- SOURCE MATERIAL -
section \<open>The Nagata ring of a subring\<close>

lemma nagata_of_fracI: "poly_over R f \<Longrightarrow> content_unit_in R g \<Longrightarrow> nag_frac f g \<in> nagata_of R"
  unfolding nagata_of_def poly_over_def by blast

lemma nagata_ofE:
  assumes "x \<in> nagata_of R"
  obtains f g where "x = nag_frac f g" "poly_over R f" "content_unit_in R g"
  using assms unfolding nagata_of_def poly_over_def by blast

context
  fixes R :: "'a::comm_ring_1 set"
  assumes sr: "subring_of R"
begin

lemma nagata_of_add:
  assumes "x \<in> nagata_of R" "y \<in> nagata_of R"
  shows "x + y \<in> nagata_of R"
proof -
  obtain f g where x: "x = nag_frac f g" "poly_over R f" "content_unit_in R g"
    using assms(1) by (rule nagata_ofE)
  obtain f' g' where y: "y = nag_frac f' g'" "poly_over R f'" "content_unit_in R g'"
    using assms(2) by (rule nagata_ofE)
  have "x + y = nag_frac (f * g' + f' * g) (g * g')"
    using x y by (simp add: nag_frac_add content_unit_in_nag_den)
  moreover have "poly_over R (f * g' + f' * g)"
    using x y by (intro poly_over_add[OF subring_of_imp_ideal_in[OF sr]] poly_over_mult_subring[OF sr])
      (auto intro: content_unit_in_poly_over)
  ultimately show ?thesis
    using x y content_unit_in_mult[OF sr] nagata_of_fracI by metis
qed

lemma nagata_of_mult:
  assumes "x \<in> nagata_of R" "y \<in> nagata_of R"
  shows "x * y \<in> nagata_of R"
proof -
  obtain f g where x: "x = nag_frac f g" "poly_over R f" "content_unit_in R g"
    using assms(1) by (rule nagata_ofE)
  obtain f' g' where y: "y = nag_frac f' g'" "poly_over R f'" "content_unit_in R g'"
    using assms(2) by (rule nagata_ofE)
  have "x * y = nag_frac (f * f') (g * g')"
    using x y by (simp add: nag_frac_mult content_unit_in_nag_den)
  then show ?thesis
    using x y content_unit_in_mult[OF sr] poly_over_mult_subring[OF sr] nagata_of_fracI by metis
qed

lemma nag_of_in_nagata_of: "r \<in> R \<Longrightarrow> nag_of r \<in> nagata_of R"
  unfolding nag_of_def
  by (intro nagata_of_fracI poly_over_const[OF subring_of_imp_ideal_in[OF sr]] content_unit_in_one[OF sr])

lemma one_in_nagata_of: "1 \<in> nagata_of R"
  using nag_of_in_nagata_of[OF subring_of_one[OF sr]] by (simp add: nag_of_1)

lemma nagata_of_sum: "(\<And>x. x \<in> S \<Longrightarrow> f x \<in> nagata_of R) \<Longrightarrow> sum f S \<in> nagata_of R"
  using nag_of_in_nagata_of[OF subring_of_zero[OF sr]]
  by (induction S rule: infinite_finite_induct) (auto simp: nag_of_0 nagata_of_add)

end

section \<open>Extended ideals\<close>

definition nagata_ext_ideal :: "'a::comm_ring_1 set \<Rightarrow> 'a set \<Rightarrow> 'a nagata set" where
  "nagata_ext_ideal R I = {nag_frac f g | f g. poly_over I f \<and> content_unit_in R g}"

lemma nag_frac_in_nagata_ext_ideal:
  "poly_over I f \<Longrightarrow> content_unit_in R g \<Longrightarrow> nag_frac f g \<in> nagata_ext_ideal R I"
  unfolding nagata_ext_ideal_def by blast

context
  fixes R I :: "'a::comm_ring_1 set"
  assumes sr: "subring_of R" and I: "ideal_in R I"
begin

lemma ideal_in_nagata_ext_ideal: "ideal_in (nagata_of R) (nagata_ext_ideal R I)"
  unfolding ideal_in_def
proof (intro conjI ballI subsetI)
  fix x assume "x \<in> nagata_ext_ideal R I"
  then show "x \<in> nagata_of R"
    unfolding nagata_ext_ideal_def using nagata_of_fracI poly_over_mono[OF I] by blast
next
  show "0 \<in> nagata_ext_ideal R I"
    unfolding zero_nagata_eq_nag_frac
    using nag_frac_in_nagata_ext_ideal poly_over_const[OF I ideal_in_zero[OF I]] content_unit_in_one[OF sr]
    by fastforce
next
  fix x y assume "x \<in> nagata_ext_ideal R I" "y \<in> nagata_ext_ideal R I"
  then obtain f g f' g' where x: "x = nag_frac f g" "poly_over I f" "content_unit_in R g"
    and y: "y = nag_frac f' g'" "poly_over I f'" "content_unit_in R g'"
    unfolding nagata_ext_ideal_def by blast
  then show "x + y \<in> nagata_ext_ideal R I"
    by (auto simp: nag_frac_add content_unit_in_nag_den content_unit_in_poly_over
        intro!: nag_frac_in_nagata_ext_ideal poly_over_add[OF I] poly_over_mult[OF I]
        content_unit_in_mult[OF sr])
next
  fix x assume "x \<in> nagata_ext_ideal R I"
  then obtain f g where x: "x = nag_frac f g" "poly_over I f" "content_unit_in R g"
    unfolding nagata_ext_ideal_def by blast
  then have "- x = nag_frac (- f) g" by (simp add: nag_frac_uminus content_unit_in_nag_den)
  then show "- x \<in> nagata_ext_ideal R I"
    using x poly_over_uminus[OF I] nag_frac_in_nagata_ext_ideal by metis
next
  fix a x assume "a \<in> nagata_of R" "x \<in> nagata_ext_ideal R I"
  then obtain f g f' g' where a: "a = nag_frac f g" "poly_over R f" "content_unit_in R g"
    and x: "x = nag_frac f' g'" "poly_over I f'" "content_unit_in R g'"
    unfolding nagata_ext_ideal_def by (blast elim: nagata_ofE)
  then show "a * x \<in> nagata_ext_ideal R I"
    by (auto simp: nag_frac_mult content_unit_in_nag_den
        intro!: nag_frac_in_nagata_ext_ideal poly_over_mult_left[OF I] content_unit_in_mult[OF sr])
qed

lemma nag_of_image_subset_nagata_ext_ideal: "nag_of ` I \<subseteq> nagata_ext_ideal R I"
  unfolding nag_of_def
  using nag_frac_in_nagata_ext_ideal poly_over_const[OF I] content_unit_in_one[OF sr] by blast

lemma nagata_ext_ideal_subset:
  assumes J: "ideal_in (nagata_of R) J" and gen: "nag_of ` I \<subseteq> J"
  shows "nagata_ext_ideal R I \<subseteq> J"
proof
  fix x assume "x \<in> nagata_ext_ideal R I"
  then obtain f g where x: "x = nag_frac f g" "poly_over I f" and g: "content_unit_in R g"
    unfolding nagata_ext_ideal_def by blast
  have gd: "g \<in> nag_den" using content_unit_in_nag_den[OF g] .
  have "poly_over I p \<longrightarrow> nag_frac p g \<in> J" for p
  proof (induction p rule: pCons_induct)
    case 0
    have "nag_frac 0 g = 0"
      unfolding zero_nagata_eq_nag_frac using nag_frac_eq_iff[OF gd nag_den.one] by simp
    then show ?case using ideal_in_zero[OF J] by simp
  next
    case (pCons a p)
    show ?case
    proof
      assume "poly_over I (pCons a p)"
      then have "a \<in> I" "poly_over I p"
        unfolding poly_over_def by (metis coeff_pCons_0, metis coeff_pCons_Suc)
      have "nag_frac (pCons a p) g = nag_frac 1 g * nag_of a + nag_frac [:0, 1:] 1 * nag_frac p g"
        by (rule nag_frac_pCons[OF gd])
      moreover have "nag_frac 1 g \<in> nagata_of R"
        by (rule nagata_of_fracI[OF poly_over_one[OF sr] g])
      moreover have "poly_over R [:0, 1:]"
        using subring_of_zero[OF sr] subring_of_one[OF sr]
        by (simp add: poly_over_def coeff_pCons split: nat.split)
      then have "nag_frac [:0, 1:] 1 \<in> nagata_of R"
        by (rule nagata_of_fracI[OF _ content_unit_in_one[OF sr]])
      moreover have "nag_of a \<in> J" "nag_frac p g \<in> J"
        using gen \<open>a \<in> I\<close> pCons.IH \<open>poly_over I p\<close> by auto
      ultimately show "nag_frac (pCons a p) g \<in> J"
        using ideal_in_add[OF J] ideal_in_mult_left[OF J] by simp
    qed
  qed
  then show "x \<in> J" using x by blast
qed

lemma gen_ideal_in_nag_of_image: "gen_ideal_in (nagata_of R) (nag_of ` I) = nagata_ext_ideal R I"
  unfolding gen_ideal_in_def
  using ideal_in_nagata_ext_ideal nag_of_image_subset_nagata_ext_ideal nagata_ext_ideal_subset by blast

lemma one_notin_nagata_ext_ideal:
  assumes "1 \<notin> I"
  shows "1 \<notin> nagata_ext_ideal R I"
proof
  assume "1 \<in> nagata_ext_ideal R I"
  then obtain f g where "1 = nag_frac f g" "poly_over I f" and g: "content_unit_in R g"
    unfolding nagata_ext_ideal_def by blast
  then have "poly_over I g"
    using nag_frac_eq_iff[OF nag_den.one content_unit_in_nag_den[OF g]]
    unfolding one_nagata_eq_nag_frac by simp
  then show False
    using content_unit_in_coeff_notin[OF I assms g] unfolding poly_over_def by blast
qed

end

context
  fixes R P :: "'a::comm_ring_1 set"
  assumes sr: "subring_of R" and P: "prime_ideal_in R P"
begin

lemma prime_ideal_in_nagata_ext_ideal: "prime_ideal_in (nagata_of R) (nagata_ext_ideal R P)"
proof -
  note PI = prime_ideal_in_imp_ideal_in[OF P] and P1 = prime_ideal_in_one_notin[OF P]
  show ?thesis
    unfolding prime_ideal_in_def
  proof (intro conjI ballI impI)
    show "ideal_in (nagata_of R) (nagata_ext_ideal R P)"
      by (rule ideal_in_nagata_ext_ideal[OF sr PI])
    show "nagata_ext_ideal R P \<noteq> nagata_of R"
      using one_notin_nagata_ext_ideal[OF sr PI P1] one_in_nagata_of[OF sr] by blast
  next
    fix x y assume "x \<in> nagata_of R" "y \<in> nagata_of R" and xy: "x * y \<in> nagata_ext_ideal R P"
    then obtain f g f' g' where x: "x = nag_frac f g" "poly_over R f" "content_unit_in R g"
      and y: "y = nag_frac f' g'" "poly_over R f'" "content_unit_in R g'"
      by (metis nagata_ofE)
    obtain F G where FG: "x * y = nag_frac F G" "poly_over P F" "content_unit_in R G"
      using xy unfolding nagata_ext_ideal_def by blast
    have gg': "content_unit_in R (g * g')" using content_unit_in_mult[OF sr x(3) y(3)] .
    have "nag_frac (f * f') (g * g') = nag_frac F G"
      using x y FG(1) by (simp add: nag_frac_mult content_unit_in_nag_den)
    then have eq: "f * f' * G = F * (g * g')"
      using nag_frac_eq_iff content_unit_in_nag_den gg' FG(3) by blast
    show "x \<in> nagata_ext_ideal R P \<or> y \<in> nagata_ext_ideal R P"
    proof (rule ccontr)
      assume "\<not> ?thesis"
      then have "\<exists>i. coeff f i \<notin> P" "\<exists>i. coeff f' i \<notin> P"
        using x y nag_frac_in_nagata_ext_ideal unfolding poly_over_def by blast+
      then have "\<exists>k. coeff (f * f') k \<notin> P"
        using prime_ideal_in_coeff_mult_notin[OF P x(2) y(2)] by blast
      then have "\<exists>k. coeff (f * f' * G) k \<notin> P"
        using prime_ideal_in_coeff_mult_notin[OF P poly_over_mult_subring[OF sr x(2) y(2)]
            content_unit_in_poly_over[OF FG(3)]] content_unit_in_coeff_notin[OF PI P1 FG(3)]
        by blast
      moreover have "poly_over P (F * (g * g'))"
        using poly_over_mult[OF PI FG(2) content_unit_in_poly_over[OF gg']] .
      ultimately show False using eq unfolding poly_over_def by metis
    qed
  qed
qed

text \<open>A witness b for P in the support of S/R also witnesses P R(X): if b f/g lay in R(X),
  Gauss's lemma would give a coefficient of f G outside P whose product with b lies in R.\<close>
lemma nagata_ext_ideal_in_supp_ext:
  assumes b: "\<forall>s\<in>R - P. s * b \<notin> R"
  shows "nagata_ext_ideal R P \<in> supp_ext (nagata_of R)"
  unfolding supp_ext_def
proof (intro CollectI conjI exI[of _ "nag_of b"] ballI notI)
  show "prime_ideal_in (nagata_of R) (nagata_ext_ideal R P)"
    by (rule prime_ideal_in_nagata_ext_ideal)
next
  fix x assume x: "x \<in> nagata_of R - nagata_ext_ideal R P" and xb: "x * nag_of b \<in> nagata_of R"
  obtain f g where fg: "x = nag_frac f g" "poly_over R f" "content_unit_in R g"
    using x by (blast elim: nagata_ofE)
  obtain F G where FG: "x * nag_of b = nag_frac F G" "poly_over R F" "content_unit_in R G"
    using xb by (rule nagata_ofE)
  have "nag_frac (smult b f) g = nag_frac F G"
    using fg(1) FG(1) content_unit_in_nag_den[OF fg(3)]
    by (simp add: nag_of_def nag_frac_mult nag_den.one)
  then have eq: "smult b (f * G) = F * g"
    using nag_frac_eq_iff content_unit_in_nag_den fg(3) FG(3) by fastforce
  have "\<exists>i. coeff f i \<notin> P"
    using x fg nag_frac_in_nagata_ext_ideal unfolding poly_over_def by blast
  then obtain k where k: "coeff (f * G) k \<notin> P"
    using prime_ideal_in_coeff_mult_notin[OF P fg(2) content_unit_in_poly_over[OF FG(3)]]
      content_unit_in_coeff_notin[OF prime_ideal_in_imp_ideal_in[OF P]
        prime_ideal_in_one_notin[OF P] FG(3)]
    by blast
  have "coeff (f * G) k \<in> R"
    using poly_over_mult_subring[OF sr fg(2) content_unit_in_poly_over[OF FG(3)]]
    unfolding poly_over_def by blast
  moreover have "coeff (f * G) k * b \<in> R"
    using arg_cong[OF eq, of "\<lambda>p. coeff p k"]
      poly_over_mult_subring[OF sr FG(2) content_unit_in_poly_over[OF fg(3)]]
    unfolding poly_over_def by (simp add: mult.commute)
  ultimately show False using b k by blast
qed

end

---

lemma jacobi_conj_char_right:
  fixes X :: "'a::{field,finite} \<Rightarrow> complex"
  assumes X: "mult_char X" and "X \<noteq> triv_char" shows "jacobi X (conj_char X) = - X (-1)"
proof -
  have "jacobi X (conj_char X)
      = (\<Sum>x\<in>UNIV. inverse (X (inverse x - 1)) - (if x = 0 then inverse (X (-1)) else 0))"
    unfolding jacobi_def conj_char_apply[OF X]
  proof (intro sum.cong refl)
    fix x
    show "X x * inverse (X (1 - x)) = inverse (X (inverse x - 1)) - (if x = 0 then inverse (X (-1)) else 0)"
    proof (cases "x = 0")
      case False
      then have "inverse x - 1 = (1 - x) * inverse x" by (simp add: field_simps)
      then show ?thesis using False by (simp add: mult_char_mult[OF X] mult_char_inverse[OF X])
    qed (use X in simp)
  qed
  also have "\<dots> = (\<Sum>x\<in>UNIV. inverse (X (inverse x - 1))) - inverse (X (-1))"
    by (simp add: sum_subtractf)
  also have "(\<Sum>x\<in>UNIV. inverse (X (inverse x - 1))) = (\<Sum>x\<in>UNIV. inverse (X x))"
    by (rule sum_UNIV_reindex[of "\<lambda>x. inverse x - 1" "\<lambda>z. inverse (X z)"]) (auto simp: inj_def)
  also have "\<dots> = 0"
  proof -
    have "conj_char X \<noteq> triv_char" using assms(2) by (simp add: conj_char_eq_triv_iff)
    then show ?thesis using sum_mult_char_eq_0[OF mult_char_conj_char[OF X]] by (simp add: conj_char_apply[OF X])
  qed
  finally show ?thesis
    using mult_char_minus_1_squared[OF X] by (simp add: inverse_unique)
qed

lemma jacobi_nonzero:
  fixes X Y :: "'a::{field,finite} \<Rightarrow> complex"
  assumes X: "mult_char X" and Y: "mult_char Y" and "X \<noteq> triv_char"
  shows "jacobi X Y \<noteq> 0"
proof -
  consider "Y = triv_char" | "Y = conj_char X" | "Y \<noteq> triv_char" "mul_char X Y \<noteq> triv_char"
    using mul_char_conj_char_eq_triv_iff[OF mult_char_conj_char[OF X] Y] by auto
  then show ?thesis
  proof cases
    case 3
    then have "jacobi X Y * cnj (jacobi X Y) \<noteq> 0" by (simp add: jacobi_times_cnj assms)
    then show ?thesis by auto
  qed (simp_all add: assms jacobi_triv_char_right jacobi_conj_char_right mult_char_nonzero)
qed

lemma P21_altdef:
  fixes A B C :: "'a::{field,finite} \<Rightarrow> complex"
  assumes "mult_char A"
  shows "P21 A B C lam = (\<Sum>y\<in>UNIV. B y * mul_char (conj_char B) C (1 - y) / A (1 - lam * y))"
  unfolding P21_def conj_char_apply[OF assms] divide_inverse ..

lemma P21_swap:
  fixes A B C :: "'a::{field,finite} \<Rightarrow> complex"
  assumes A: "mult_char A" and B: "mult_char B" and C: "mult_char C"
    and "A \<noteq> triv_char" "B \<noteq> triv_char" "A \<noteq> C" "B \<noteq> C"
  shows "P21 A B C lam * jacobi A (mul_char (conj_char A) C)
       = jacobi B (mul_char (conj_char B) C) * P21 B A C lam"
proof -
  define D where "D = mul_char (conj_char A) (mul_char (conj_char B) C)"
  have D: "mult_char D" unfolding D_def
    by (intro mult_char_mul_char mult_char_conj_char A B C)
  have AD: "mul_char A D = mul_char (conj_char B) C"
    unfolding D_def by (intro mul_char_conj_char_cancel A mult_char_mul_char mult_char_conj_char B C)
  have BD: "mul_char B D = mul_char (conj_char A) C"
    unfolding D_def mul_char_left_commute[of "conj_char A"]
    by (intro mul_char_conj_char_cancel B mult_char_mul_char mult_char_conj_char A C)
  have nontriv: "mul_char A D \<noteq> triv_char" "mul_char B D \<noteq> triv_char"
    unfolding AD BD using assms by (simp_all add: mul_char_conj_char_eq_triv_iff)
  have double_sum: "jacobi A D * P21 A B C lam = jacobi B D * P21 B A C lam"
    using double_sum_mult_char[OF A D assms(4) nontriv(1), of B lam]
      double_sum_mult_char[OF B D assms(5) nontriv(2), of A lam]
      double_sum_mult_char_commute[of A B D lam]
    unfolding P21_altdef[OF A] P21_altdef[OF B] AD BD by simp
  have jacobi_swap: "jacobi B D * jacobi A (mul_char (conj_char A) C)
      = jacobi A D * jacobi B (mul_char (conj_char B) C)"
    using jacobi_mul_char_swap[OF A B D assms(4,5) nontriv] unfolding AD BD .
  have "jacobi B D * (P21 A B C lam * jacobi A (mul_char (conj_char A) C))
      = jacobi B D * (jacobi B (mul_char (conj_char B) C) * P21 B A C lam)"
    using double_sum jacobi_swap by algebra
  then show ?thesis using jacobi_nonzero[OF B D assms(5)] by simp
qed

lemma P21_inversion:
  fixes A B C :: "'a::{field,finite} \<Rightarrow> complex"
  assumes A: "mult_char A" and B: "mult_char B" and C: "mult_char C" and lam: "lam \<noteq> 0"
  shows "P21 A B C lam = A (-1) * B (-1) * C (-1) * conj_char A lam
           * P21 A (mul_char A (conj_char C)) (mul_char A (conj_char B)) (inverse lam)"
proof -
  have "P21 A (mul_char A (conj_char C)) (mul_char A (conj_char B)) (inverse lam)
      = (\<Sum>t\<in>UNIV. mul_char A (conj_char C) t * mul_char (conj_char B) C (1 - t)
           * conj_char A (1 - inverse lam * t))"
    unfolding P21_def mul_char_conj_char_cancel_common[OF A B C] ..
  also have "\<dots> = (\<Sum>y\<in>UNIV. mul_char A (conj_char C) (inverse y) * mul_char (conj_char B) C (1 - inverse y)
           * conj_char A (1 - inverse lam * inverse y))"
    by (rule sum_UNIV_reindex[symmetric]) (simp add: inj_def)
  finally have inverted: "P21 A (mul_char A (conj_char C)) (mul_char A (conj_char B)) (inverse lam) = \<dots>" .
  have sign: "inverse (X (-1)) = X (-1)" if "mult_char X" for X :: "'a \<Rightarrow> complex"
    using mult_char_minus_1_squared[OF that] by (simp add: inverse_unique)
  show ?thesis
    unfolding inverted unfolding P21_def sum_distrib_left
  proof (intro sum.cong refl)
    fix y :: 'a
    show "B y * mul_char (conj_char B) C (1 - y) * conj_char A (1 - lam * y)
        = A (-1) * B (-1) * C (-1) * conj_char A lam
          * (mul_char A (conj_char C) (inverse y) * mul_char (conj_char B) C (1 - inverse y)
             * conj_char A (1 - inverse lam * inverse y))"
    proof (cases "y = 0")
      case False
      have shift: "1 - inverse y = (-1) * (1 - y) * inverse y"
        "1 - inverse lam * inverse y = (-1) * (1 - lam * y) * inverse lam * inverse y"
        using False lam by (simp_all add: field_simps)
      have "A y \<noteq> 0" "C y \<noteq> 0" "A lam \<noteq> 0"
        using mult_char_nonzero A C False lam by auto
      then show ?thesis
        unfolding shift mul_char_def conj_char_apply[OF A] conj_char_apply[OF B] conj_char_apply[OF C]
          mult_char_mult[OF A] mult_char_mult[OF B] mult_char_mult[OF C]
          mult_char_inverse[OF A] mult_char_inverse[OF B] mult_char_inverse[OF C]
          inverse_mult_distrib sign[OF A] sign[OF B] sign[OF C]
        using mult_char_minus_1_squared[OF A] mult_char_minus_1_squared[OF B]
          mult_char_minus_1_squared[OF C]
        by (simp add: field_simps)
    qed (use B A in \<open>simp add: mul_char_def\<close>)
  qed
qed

- TASK STATEMENT -
Retrieve every line above holding the word "fixes".

- SOLUTION FOR THIS EXERCISE -
  fixes R :: "'a::comm_ring_1 set"
  fixes R I :: "'a::comm_ring_1 set"
  fixes R P :: "'a::comm_ring_1 set"
  fixes X :: "'a::{field,finite} \<Rightarrow> complex"
  fixes X Y :: "'a::{field,finite} \<Rightarrow> complex"
  fixes A B C :: "'a::{field,finite} \<Rightarrow> complex"
  fixes A B C :: "'a::{field,finite} \<Rightarrow> complex"
  fixes A B C :: "'a::{field,finite} \<Rightarrow> complex"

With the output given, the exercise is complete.